Combustion-powered Citan starts at 23,800 euros, prices of the eCitan not yet known
Mercedes also does not yet comment on the equipment of the eCitan in the announcement. The combustion models will be available in the “Base” and “Pro” lines. However, it seems that the eCitan will always be equipped to a higher standard than the simple combustion engine versions: On the press photos published by Mercedes, the MBUX system with touchscreen can always be seen in the interior of the eCitan, the simple radio does not seem to be available here.

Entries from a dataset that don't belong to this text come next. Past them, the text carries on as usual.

definition marg_dens :: "nat \<Rightarrow> ((nat \<Rightarrow> real) \<Rightarrow> real) \<Rightarrow> nat \<Rightarrow> real \<Rightarrow> real" where
  "marg_dens N w v b = (\<integral>q. w (q(v := b)) \<partial>cube ({..N} - {v}))"

definition cond_cdf :: "nat \<Rightarrow> ((nat \<Rightarrow> real) \<Rightarrow> real) \<Rightarrow> nat \<Rightarrow> nat \<Rightarrow> real \<Rightarrow> real \<Rightarrow> real" where
  "cond_cdf N w u v t b =
     (\<integral>q. (if q u \<le> t then w (q(v := b)) else 0) \<partial>cube ({..N} - {v})) / marg_dens N w v b"

end

theory Submission
  imports Defs "HOL-Probability.Probability"
begin

text \<open>Fixing \<open>Y\<^sub>s = y\<close> (resp. \<open>X\<^sub>s\<^sub>+\<^sub>1 = x\<close>) cuts the sawtooth chain into two
  conditionally independent pieces, so the conditional law of \<open>X\<^sub>s\<close> (resp. \<open>Y\<^sub>s\<close>) is
  that of the truncated model \<open>S\<^sub>\<rightarrow>\<^sub>X\<^sub>s\<close> (resp. \<open>S\<^sub>\<rightarrow>\<^sub>Y\<^sub>s\<close>) reweighted by
  the single kernel \<open>f\<^sub>s(y - X\<^sub>s)\<close> (resp. \<open>g\<^sub>s(Y\<^sub>s - x)\<close>).
  For log-concave \<open>\<phi>\<close> the kernel \<open>(x, y) \<mapsto> 1\<^sub>x\<^sub>\<le>\<^sub>y \<phi>(y - x)\<close> is totally positive of
  order two, and reweighting by such a kernel moves the distribution monotonically in the
  parameter (a Chebyshev-type integral inequality). Comparing instead with the constant kernel,
  monotonicity of \<open>\<phi>\<close> alone gives the bounds by the truncated models.\<close>

lemma prob_space_unit_interval: "prob_space (restrict_space lborel {0..1::real})"
  by (rule prob_space_restrict_space) auto

lemma prob_space_cube: "prob_space (cube I)"
  unfolding cube_def by (rule prob_space_PiM) (rule prob_space_unit_interval)

lemma space_cube: "space (cube I) = PiE I (\<lambda>_. {0..1})"
  unfolding cube_def by (simp add: space_PiM space_restrict_space)

lemma integral_cube_union:
  fixes a b :: "(nat \<Rightarrow> real) \<Rightarrow> real"
  assumes IJ: "I \<inter> J = {}" "finite I" "finite J"
    and int: "integrable (cube (I \<union> J)) (\<lambda>p. a p * b p)"
    and a: "\<And>p p'. (\<And>i. i \<in> I \<Longrightarrow> p i = p' i) \<Longrightarrow> a p = a p'"
    and b: "\<And>p p'. (\<And>i. i \<in> J \<Longrightarrow> p i = p' i) \<Longrightarrow> b p = b p'"
  shows "(\<integral>p. a p * b p \<partial>cube (I \<union> J)) = (\<integral>p. a p \<partial>cube I) * (\<integral>p. b p \<partial>cube J)"
proof -
  interpret product_sigma_finite "\<lambda>_. restrict_space lborel {0..1::real}"
    unfolding product_sigma_finite_def
    using prob_space_unit_interval prob_space_imp_sigma_finite by blast
  have "(\<integral>p. a p * b p \<partial>cube (I \<union> J)) =
     (\<integral>x. (\<integral>y. a (merge I J (x, y)) * b (merge I J (x, y)) \<partial>cube J) \<partial>cube I)"
    unfolding cube_def using product_integral_fold[OF IJ int[unfolded cube_def]] by simp
  also have "\<dots> = (\<integral>x. (\<integral>y. a x * b y \<partial>cube J) \<partial>cube I)"
  proof -
    have "a (merge I J (x, y)) = a x" for x y by (rule a) (auto simp: merge_def)
    moreover have "b (merge I J (x, y)) = b y" for x y using IJ(1) by (intro b) (auto simp: merge_def)
    ultimately show ?thesis by simp
  qed
  also have "\<dots> = (\<integral>p. a p \<partial>cube I) * (\<integral>p. b p \<partial>cube J)" by simp
  finally show ?thesis .
qed

definition unit_valued :: "nat set \<Rightarrow> ((nat \<Rightarrow> real) \<Rightarrow> real) \<Rightarrow> bool" where
  "unit_valued I e \<longleftrightarrow> e \<in> borel_measurable (cube I) \<and> (\<forall>p\<in>space (cube I). e p \<in> {0..1})"
lemma ladder_imp_recurrence:
  assumes "X1 + Y1 * e3 = qreal (- \<mu>) * ((X0 - Y0 * e3) * e1)"
    and "X2 + Y2 * e3 = qreal (- \<nu>) * ((X1 - Y1 * e3) * e1)"
    and "\<nu> \<noteq> 0"
  shows "X1 = qreal (- \<mu> / 2) * (X0 * e1 - Y0 * e2) + qreal (1 / (2 * \<nu>)) * (X2 * e1 + Y2 * e2)
    \<and> Y1 = qreal (- \<mu> / 2) * (Y0 * e1 + X0 * e2) + qreal (1 / (2 * \<nu>)) * (Y2 * e1 - X2 * e2)"
proof -
  have \<nu>: "1 / (2 * \<nu>) * - \<nu> = - 1 / 2" "1 / (2 * \<nu>) * \<nu> = 1 / 2"
    using assms(3) by simp_all
  show ?thesis
    unfolding quat_mult_e1_e2(1,2)[where X=X0 and Y=Y0] quat_mult_e1_e2(3,4)[where X=X2 and Y=Y2] assms(2)
      qreal_mult_assoc uminus_qreal_mult minus_minus qreal_mult_qreal \<nu>
    using assms(1) by (intro conjI quat.expand; simp add: quat_defs e3_def field_simps)
qed

lemma ladder_imp_recurrence_0:
  assumes "X1 + Y1 * e3 = qreal (- \<nu>) * ((X0 - Y0 * e3) * e1)" and "Y0 = 0" and "\<nu> \<noteq> 0"
  shows "X0 = qreal (1 / \<nu>) * (X1 * e1 + Y1 * e2)"
  unfolding quat_mult_e1_e2(3)[where X=X1 and Y=Y1] assms(1) qreal_mult_assoc qreal_mult_qreal
  using assms(2,3) by (intro quat.expand; simp add: quat_defs e3_def)

theorem proposition2:
  fixes n :: nat and x :: pt
  assumes "sph_rho x > 0"
  shows "Xc 0 n x = qreal (1 / (real n + 2)) * (Xc 1 n x * e1 + Yc 1 n x * e2)
    \<and> (\<forall>m\<in>{1..n+1}.
         Xc m n x = qreal (- (real n + real m + 1) / 2) * (Xc (m-1) n x * e1 - Yc (m-1) n x * e2)
                    + qreal (1 / (2 * (real n + real m + 2))) * (Xc (m+1) n x * e1 + Yc (m+1) n x * e2)
       \<and> Yc m n x = qreal (- (real n + real m + 1) / 2) * (Yc (m-1) n x * e1 + Xc (m-1) n x * e2)
                    + qreal (1 / (2 * (real n + real m + 2))) * (Yc (m+1) n x * e1 - Xc (m+1) n x * e2))
    \<and> Xc 0 0 x = qreal (1/2) \<and> Xc 1 0 x * e1 = qreal (1/2) \<and> Yc 1 0 x * e2 = qreal (1/2)"
proof (intro conjI ballI)
  note ladder = Xc_Yc_ladder[OF assms]
  show "Xc 0 n x = qreal (1 / (real n + 2)) * (Xc 1 n x * e1 + Yc 1 n x * e2)"
    using ladder_imp_recurrence_0[OF ladder[of 0]] by (simp add: Yc_def add.commute)
  fix m
  assume "m \<in> {1..n+1}"
  then obtain k where m: "m = Suc k" and k: "k \<le> n"
    by (cases m) auto
  have \<nu>: "real n + real (Suc (Suc k)) + 1 = real n + real m + 2"
    using m by simp
  from ladder_imp_recurrence[OF ladder[of k] ladder[of "Suc k"]] k
  show "Xc m n x = qreal (- (real n + real m + 1) / 2) * (Xc (m-1) n x * e1 - Yc (m-1) n x * e2)
        + qreal (1 / (2 * (real n + real m + 2))) * (Xc (m+1) n x * e1 + Yc (m+1) n x * e2)"
    and "Yc m n x = qreal (- (real n + real m + 1) / 2) * (Yc (m-1) n x * e1 + Xc (m-1) n x * e2)
        + qreal (1 / (2 * (real n + real m + 2))) * (Yc (m+1) n x * e1 - Xc (m+1) n x * e2)"
    unfolding \<nu> by (simp_all add: m)
qed (use Xc_Yc_degree_0[OF assms] in simp_all)
(* For any Hermitian matrices $P$ and $Q$ of the same size, $$|\mathrm{Tr}(\zeta(P+Q)-\zeta(P))|\le2\big(\|P\|_2\|Q\|_2+\|Q\|_2^2\big).$$
   Context: $\zeta:\mathbb{R}\to\mathbb{R}$ is $\zeta(x)=x^2$ for $x\le0$ and $\zeta(x)=0$ otherwise, applied to Hermitian matrices via the spectral decomposition. $\|\cdot\|_2$ is the (unnormalized) Schatten 2-norm (Frobenius norm). *)

theory Defs
  imports "HOL-Analysis.Analysis"
begin

definition cmat_adj :: "complex^'n^'n \<Rightarrow> complex^'n^'n" where
  "cmat_adj A = (\<chi> i j. cnj (A $ j $ i))"

definition hermitian :: "complex^'n^'n \<Rightarrow> bool" where
  "hermitian A \<longleftrightarrow> cmat_adj A = A"

definition unitary :: "complex^'n^'n \<Rightarrow> bool" where
  "unitary U \<longleftrightarrow> cmat_adj U ** U = mat 1"

definition rdiag :: "real^'n \<Rightarrow> complex^'n^'n" where
  "rdiag d = (\<chi> i j. if i = j then complex_of_real (d $ i) else 0)"

definition matfun :: "(real \<Rightarrow> real) \<Rightarrow> complex^'n^'n \<Rightarrow> complex^'n^'n" where
  "matfun f A = (SOME B. \<exists>U d. unitary U \<and> A = U ** rdiag d ** cmat_adj U \<and>
                          B = U ** rdiag (\<chi> i. f (d $ i)) ** cmat_adj U)"
(* Let $\Sigma=(X,U_c,\phi)$ be a control system (in the sense defined in the context) satisfying the standing assumptions: (a) $U_c=BC(\mathbb{R}_{\geq 0};U)$; (b) $0$ is the unique equilibrium point of $\Sigma$; (c) $\Sigma$ is forward-complete. If $\Sigma$ admits an FTISS Lyapunov functional, then $\Sigma$ is finite-time input-to-state stable (FTISS), i.e., there exist $\beta\in\mathcal{GKL}$ and $\gamma\in\mathcal{K}$ such that $$\|\phi(t,x,u)\|_X\leq \beta(\|x\|_X,t)+\gamma(\|u\|_{U_c})\quad\text{for all }(t,x,u)\in\mathbb{R}_{\geq 0}\times X\times U_c.$$
   Context: $\mathbb{R}_{\geq 0}=[0,\infty)$, $\mathbb{R}_{>0}=(0,\infty)$. $BC(\mathbb{R}_{\geq 0};U)$ is the set of continuous $u:\mathbb{R}_{\geq0}\to U$ with $\|u\|_{U_c}:=\sup_{s\geq 0}\|u(s)\|_U<\infty$. Control system: $X$, $U$ are Banach spaces, $U_c\subset\{u:\mathbb{R}_{\geq0}\to U\}$ is a normed vector space such that (i) for all $u\in U_c$, $\tau\geq 0$, the shift $u(\cdot+\tau)\in U_c$ with $\|u(\cdot+\tau)\|_{U_c}\le\|u\|_{U_c}$; (ii) for $u_1,u_2\in U_c$ and $t>0$, the concatenation equal to $u_1(\tau)$ for $\tau\in[0,t]$ and $u_2(\tau-t)$ otherwise belongs to $U_c$. The transition map $\phi:D_\phi\to X$, $D_\phi\subseteq \mathbb{R}_{\geq0}\times X\times U_c$, satisfies: $\phi(0,x,u)=x$; causality ($\phi(t,x,\tilde u)=\phi(t,x,u)$ whenever $\tilde u=u$ on $[0,t]$); $t\mapsto\phi(t,x,u)$ is continuous; cocycle property $\phi(h,\phi(t,x,u),u(t+\cdot))=\phi(t+h,x,u)$. Forward-complete means $\phi(t,x,u)$ is well defined for every $(t,x,u)\in\mathbb{R}_{\geq0}\times X\times U_c$. Equilibrium point $0$: $\phi(t,0,0)=0$ for all $t\ge 0$. Comparison functions: $\mathcal{K}$ = continuous strictly increasing $\gamma:\mathbb{R}_{\geq0}\to\mathbb{R}_{\geq0}$ with $\gamma(0)=0$; $\mathcal{K}_\infty$ = unbounded functions in $\mathcal{K}$. $\beta:\mathbb{R}_{\geq0}\times\mathbb{R}_{\geq0}\to\mathbb{R}_{\geq0}$ is in $\mathcal{GKL}$ if it is continuous, $s\mapsto\beta(s,0)$ is in $\mathcal{K}$, and for each fixed $s$ the map $t\mapsto\beta(s,t)$ is continuous, decreases to zero, and there is a nonnegative continuous function $T(s)$ with $\beta(s,t)=0$ for all $t\geq T(s)$. Lie derivative: for $x\in X$, $u\in U_c$ and $V$ defined near $x$, $\dot V_u(x):=\limsup_{t\to0^+}\frac{V(\phi(t,x,u))-V(x)}{t}$. FTISS Lyapunov functional: a continuous $V:X\to\mathbb{R}_{\geq0}$ for which there exist $M>0$, $\sigma_0\in(0,1)$, $\alpha_1,\alpha_2\in\mathcal{K}_\infty$, $\chi\in\mathcal{K}$ with $\alpha_1(\|x\|_X)\le V(x)\le\alpha_2(\|x\|_X)$ for all $x\in X$, and for all $u\in U_c$: $\|x\|_X\geq\chi(\|u\|_{U_c})\Rightarrow \dot V_u(x)\leq -MV^{\sigma_0}(x)$. *)

theory Defs
  imports "HOL-Analysis.Analysis"
begin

As far as prices are concerned, there is not even the full list of combustion models at the premiere. Mercedes only mentions a base price of “probably” 23,800 euros, which would put the net list price relevant for commercial customers below 20,000 euros. Incidentally, with the base price of 23,800 euros Mercedes positions the Citan exactly at the value of the Renault Kangoo. However, it is not yet known how expensive the electric version of the French vehicle will be.
The eCitan, even as a tourer, is not intended for private customers. Here Mercedes will bring the EQT (for the combustion models as T-Class). The Swabians had already shown a Concept EQT, but this was considerably longer at 4.95 metres. Technical data were not available at that time. With the eVito, eVito Tourer and EQV, Mercedes has shown that they can certainly offer electric drives adapted for commercial and private customers. It is not yet known whether the EQT will have a different drive than the eCitan.